Every day at metropolitan court houses in Victoria we see the unedifying sight of police and lawyers being searched before they’re permitted inside. (This doesn’t occur at some country venues simply because there aren’t any security guards employed for this at all venues.)
The basis for this is s 3(3) of the Court Security Act 1980, which provides:
(3) Subject to any limitations or restrictions provided by the rules, an authorized officer may require a
person who wishes to enter the court premises, or is on the court premises—
(a) to submit to a frisk search or a search of any thing in the person’s possession;
(b) to submit to a scanning search of his or her person or of any thing in the person’s possession;
(c) to surrender to the authorized officer any item that the authorized officer believes on reasonable grounds is a prohibited item.

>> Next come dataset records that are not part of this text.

lemma ext_complete_on: "finite A \<Longrightarrow> ext F (complete_on F A X) A = {}"
proof (induction F A X rule: complete_on.induct)
  case (1 F A X)
  then show ?case
    by (cases "ext F X A = {}") (auto simp: complete_on.simps)
qed

lemma complete_on_in_family: "finite A \<Longrightarrow> X \<in> F \<Longrightarrow> complete_on F A X \<in> F"
proof (induction F A X rule: complete_on.induct)
  case (1 F A X)
  show ?case
  proof (cases "ext F X A = {}")
    case True
    then show ?thesis using 1 by (simp add: complete_on.simps)
  next
    case False
    have "insert (Min (ext F X A)) X \<in> F"
      using Min_ext_in[OF "1.prems"(1) False] by (simp add: ext_def)
    then show ?thesis
      using 1 False by (simp add: complete_on_step)
  qed
qed

lemma
  assumes "set_system U F" "strongly_accessible F" "X \<in> F"
  shows subset_complete: "X \<subseteq> complete F U X"
    and maximal_complete: "maximal F (complete F U X)"
proof -
  have finU: "finite U" and FU: "F \<subseteq> Pow U"
    using assms(1) by (auto simp: set_system_def)
  let ?R = "complete F U X"
  show "X \<subseteq> ?R"
    using subset_complete_on[OF finU] by (simp add: complete_def)
  have RF: "?R \<in> F"
    using complete_on_in_family[OF finU assms(3)] by (simp add: complete_def)
  have no_ext: "ext F ?R U = {}"
    using ext_complete_on[OF finU] by (simp add: complete_def)
  have "\<not> ?R \<subset> Y" if "Y \<in> F" for Y
  proof
    assume "?R \<subset> Y"
    then obtain z where "z \<in> Y - ?R" "insert z ?R \<in> F"
      using ext_nonempty_if_psubset[OF assms(2) RF \<open>Y \<in> F\<close>] by (auto simp: ext_def)
    moreover have "z \<in> U" using FU \<open>Y \<in> F\<close> \<open>z \<in> Y - ?R\<close> by auto
    ultimately show False using no_ext by (auto simp: ext_def)
  qed
  then show "maximal F ?R"
    using RF by (auto simp: maximal_def)
qed

lemma canon_seq_append: "\<exists>ys. canon_seq F T (i + d) = canon_seq F T i @ ys"
proof (induction d)
  case (Suc d)
  then show ?case by (auto simp: Let_def)
qed simp

lemma set_canon_seq_mono: "i \<le> k \<Longrightarrow> set (canon_seq F T i) \<subseteq> set (canon_seq F T k)"
  using canon_seq_append[of F T i "k - i"] by auto

declare canon_seq.simps(2) [simp del]

context
  fixes F :: "int set set"
  assumes strongly_accessible: "strongly_accessible F"
    and empty_in_F: "{} \<in> F"
begin

lemma canon_seq_invariant:
  assumes "T \<in> F" "finite T" "i \<le> card T"
  shows "length (canon_seq F T i) = i \<and> distinct (canon_seq F T i) \<and>
         set (canon_seq F T i) \<subseteq> T \<and> set (canon_seq F T i) \<in> F"
  using assms(3)
proof (induction i)
  case 0
  then show ?case using empty_in_F by simp
next
  case (Suc i)
  define L where "L = canon_seq F T i"
  have IH: "length L = i" "distinct L" "set L \<subseteq> T" "set L \<in> F"
    using Suc by (auto simp: L_def)
  then have "card (set L) < card T"
    using Suc.prems by (simp add: distinct_card)
  then have "set L \<subset> T" using IH(3) by auto
  then have ne: "ext F (set L) T \<noteq> {}"
    using ext_nonempty_if_psubset[OF strongly_accessible IH(4) assms(1)] by blast
  have "canon_seq F T (Suc i) = L @ [Min (ext F (set L) T)]"
    using ne by (simp add: L_def Let_def canon_seq.simps)
  then show ?case
    using IH Min_ext_in[OF assms(2) ne] by (auto simp: ext_def)
qed

lemma length_canon: "T \<in> F \<Longrightarrow> finite T \<Longrightarrow> length (canon F T) = card T"
  using canon_seq_invariant[of T "card T"] by (simp add: canon_def)

lemma take_canon:
  assumes "T \<in> F" "finite T" "i \<le> card T"
  shows "take i (canon F T) = canon_seq F T i"
proof -
  obtain ys where "canon F T = canon_seq F T i @ ys"
    using canon_seq_append[of F T i "card T - i"] assms(3) by (auto simp: canon_def)
  then show ?thesis
    using canon_seq_invariant[OF assms] by simp
qed

lemma prefix_set_eq:
  "T \<in> F \<Longrightarrow> finite T \<Longrightarrow> i \<le> card T \<Longrightarrow> prefix_set F T i = set (canon_seq F T i)"
  by (simp add: prefix_set_def take_canon)

lemma
  assumes "T \<in> F" "finite T" "i < card T"
  shows canon_nth: "canon F T ! i = Min (ext F (set (canon_seq F T i)) T)"
    and canon_seq_Suc: "canon_seq F T (Suc i) = canon_seq F T i @ [canon F T ! i]"
proof -
  let ?E = "ext F (set (canon_seq F T i)) T"
  have len: "length (canon_seq F T i) = i" "length (canon_seq F T (Suc i)) = Suc i"
    using canon_seq_invariant[OF assms(1,2), of i] canon_seq_invariant[OF assms(1,2), of "Suc i"]
      assms(3) by simp_all
  have "?E \<noteq> {}"
    using len by (auto simp: Let_def canon_seq.simps split: if_splits)
  then have step: "canon_seq F T (Suc i) = canon_seq F T i @ [Min ?E]"
    by (simp add: Let_def canon_seq.simps)
  have "canon F T ! i = take (Suc i) (canon F T) ! i" by simp
  also have "\<dots> = Min ?E"
    using take_canon[OF assms(1,2), of "Suc i"] assms(3) step len(1) by (simp add: nth_append)
  finally show "canon F T ! i = Min ?E" .
  with step show "canon_seq F T (Suc i) = canon_seq F T i @ [canon F T ! i]" by simp
qed

lemma canon_nth_in_ext:
  assumes "T \<in> F" "finite T" "i < card T"
  shows "canon F T ! i \<in> ext F (set (canon_seq F T i)) T"
  using canon_seq_invariant[OF assms(1,2), of "Suc i"] canon_seq_Suc[OF assms] assms(3)
  by (auto simp: ext_def)

lemma canon_nth_le:
  assumes "T \<in> F" "finite T" "i < card T" "a \<in> ext F (set (canon_seq F T i)) T"
  shows "canon F T ! i \<le> a"
  using assms(4) by (simp add: canon_nth[OF assms(1-3)] finite_ext[OF assms(2)])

The irony of this is that sworn police officers are themselves authorized officers under the Court Security Act, and bound to keep the peace and prevent offences against the law. Lawyers are officers of the Supreme Court (which has supervisory jurisdiction over inferior courts), yet they may not enter those courts where they challenge whim and caprice on behalf of their clients unless first subjected to a search seemingly based on merely following orders.
My memory is that when this came in, the police were not routinely screened, and either the Law Institute or Bar (or perhaps both) pointed out that it didn’t seem right that officers of the court were screened while police were not. So the solution chosen by the folks then responsible for court security was that all should be screened!
I didn’t understand then — and still don’t now — why there is a need to routinely scan police or lawyers. Both are supposed to be trustworthy. Because of their training and office, both are afforded special privileges, powers or responsibilities not available to the general public. Both are subject to continuing scrutiny about their suitability to continue their profession, so criminal offending tends to result in job loss. It wouldn’t be difficult to permit them entry upon presentation of suitable identification. (Of course, if there were reason to search particular individuals, it should occur.)
I’m not concerned just by the symbolic damage done when these central players in the justice system are treated as suspect by the very courts they serve. It’s also the arbitrary nature of the searches and the exercise of powers by authorized officers that rankles. I’ve had to surrender a penlite torch at some Magistrates’ Court venues, and the always at the Supreme Court — presumably in case I shine someone to death. Some require I surrender an umbrella; others don’t. (I can see some sense in this one.) A colleague of mine was once required to open his wallet for inspection: I’m not sure how many lawyers have smuggled contraband into courts in the last decade, let alone in their wallet, but I reckon I’m on fairly safe ground speculating the number is pretty low!
Now of course, some might point out that it’s possible to use a great many items as weapons. For example, a small torch might be used as a kubotan — one of several prohibited weapons in Victoria.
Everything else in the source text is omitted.